If a line of the records holds the word "case", copy it out.

--- Data for review ---
-*-

(* Let $S=\mathbb{C}[x_1,x_2,x_3]$ and let $m$ be a positive integer. Then $h_1,h_4,h_m$ form a regular sequence in $S$ if and only if $m=3k$ for some integer $k\ge 1$.
   Context: $h_d=\sum_{1\le i_1\le\cdots\le i_d\le 3}x_{i_1}\cdots x_{i_d}$ denotes the complete symmetric polynomial of degree $d$ in three variables. A sequence $y_1,\dots,y_d$ in $S$ is a regular sequence if $\langle y_1,\dots,y_d\rangle\ne S$ and for each $i$ the image of $y_{i+1}$ is a nonzero divisor in $S/\langle y_1,\dots,y_i\rangle$. *)

theory Defs
  imports Complex_Main "HOL-Computational_Algebra.Polynomial"
begin

text \<open>The polynomial ring S = C[x1,x2,x3] is represented as the iterated univariate
polynomial ring C[x1][x2][x3], i.e. the type complex poly poly poly.\<close>

type_synonym S3 = "complex poly poly poly"

definition X1 :: S3 where "X1 = [:[:[:0, 1:]:]:]"
definition X2 :: S3 where "X2 = [:[:0, 1:]:]"
definition X3 :: S3 where "X3 = [:0, 1:]"

definition h :: "nat \<Rightarrow> S3" where
  "h d = (\<Sum>(a, b) \<in> {(a, b). a + b \<le> d}. X1 ^ a * X2 ^ b * X3 ^ (d - a - b))"

definition gen_ideal :: "'a::comm_ring_1 list \<Rightarrow> 'a set" where
  "gen_ideal ys = {\<Sum>i<length ys. r i * ys ! i | r. True}"

definition regular_sequence :: "'a::comm_ring_1 list \<Rightarrow> bool" where
  "regular_sequence ys \<longleftrightarrow>
     gen_ideal ys \<noteq> UNIV \<and>
     (\<forall>i < length ys. \<forall>z. ys ! i * z \<in> gen_ideal (take i ys) \<longrightarrow> z \<in> gen_ideal (take i ys))"

end

theory Submission
  imports Defs
begin

text \<open>Setting x3 = -(x1 + x2) identifies S/(h1) with \<complex>[x1,x2]. There e1 vanishes, so the
  recurrence of the complete symmetric polynomials only involves \<sigma>2 and \<sigma>3:
  h2 = -\<sigma>2, h4 = \<sigma>2^2, and h_m = \<sigma>3^k modulo \<sigma>2 if m = 3k, while h_m = 0 modulo \<sigma>2
  otherwise. Now \<sigma>2 = -(x2 - \<omega> x1)(x2 - \<omega>^2 x1) splits into linear factors in x2 on whose
  zeros \<sigma>3 does not vanish, so for m = 3k the image of h_m is a nonzerodivisor modulo \<sigma>2^2.
  If 3 does not divide m, then h_m h2 \<in> (\<sigma>2^2) although h2 = -\<sigma>2 \<notin> (\<sigma>2^2).\<close>

fun complete_hom2 :: "'a::comm_ring_1 \<Rightarrow> 'a \<Rightarrow> nat \<Rightarrow> 'a" where
  "complete_hom2 x y 0 = 1"
| "complete_hom2 x y (Suc n) = y * complete_hom2 x y n + x ^ Suc n"

fun complete_hom3 :: "'a::comm_ring_1 \<Rightarrow> 'a \<Rightarrow> 'a \<Rightarrow> nat \<Rightarrow> 'a" where
  "complete_hom3 x y z 0 = 1"
| "complete_hom3 x y z (Suc n) = z * complete_hom3 x y z n + complete_hom2 x y (Suc n)"

lemma complete_hom2_eq_sum: "complete_hom2 x y n = (\<Sum>a\<le>n. x ^ a * y ^ (n - a))"
proof (induction n)
  case (Suc n)
  have "(\<Sum>a\<le>n. x ^ a * y ^ (Suc n - a)) = y * (\<Sum>a\<le>n. x ^ a * y ^ (n - a))"
    by (simp add: sum_distrib_left Suc_diff_le algebra_simps)
  then show ?case using Suc by simp
qed simp
(* Let $k\le n$ be positive integers and $A\in\mathbb{C}^{n\times n}$ with eigenvalues ordered so that $|\lambda_1(A)|\ge\cdots\ge|\lambda_n(A)|$. Then $$\left|\prod_{i=1}^k\lambda_i(A)\right|\le\left(\frac nk\right)^{k/2}\sqrt n^{\,k}\min\left\{\max_{|\alpha|=k}\prod_{i\in\alpha}\|\mathrm{col}_i(A)\|_\infty,\ \max_{|\alpha|=k}\prod_{i\in\alpha}\|\mathrm{row}_i(A)\|_\infty\right\},$$ where the maxima are over subsets $\alpha\subseteq\{1,\ldots,n\}$ with $|\alpha|=k$.
   Context: $\mathrm{col}_i(A)$ is the $i$th column and $\mathrm{row}_i(A)$ the (transposed) $i$th row of $A$; $\|\cdot\|_\infty$ is the maximum-modulus vector norm. *)

theory Defs
  imports "Jordan_Normal_Form.Jordan_Normal_Form_Existence"
begin

definition vec_inf_norm :: "complex vec \<Rightarrow> real" where
  "vec_inf_norm v = (MAX i \<in> {0..<dim_vec v}. cmod (v $ i))"

end

(* Schur triangularization gives A Q = Q T with T upper triangular and diag T = eigs. The first
   k columns P of Q span an A-invariant subspace, A P = P C with C the leading k x k block of T,
   so det C is the product of the first k eigenvalues.

   Pull the column bounds out as A = B D with D = diag (c_j) and |B_ij| <= 1. Cauchy-Binet
   expands det (P^* P) det C = det ((P^* B) (D P)) into a sum over k-subsets S of products of
   minors weighted by prod_{j in S} c_j; Cauchy-Schwarz and Cauchy-Binet for the two Gram
   matrices bound it by max_S prod_{j in S} c_j * sqrt (det (P^* B B^* P)) * sqrt (det (P^* P)).
   Finally det (P^* B B^* P) / det (P^* P) is the determinant of the compression of B B^* to the
   column space of P, whose eigenvalues are nonnegative with sum at most |B|_F^2 <= n^2, so by
   AM-GM it is at most (n^2 / k)^k. The row version follows by transposing A. *)

theory Submission
  imports Defs "Jordan_Normal_Form.DL_Submatrix"
begin

section \<open>Adjoints, traces and submatrices\<close>

lemma mat_adjoint_dim [simp]:
  "dim_row (mat_adjoint A) = dim_col A" "dim_col (mat_adjoint A) = dim_row A"
  by (simp_all add: mat_adjoint_def)

lemma mat_adjoint_carrier [simp]: "A \<in> carrier_mat n m \<Longrightarrow> mat_adjoint A \<in> carrier_mat m n"
  by (rule carrier_matI) simp_all

lemma mat_adjoint_index [simp]:
  "i < dim_col A \<Longrightarrow> j < dim_row A \<Longrightarrow> mat_adjoint A $$ (i, j) = conjugate (A $$ (j, i))"
  by (simp add: mat_adjoint_def mat_of_rows_index)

-*-

--- Exercise answer ---
  case (Suc n)
  then show ?case using Suc by simp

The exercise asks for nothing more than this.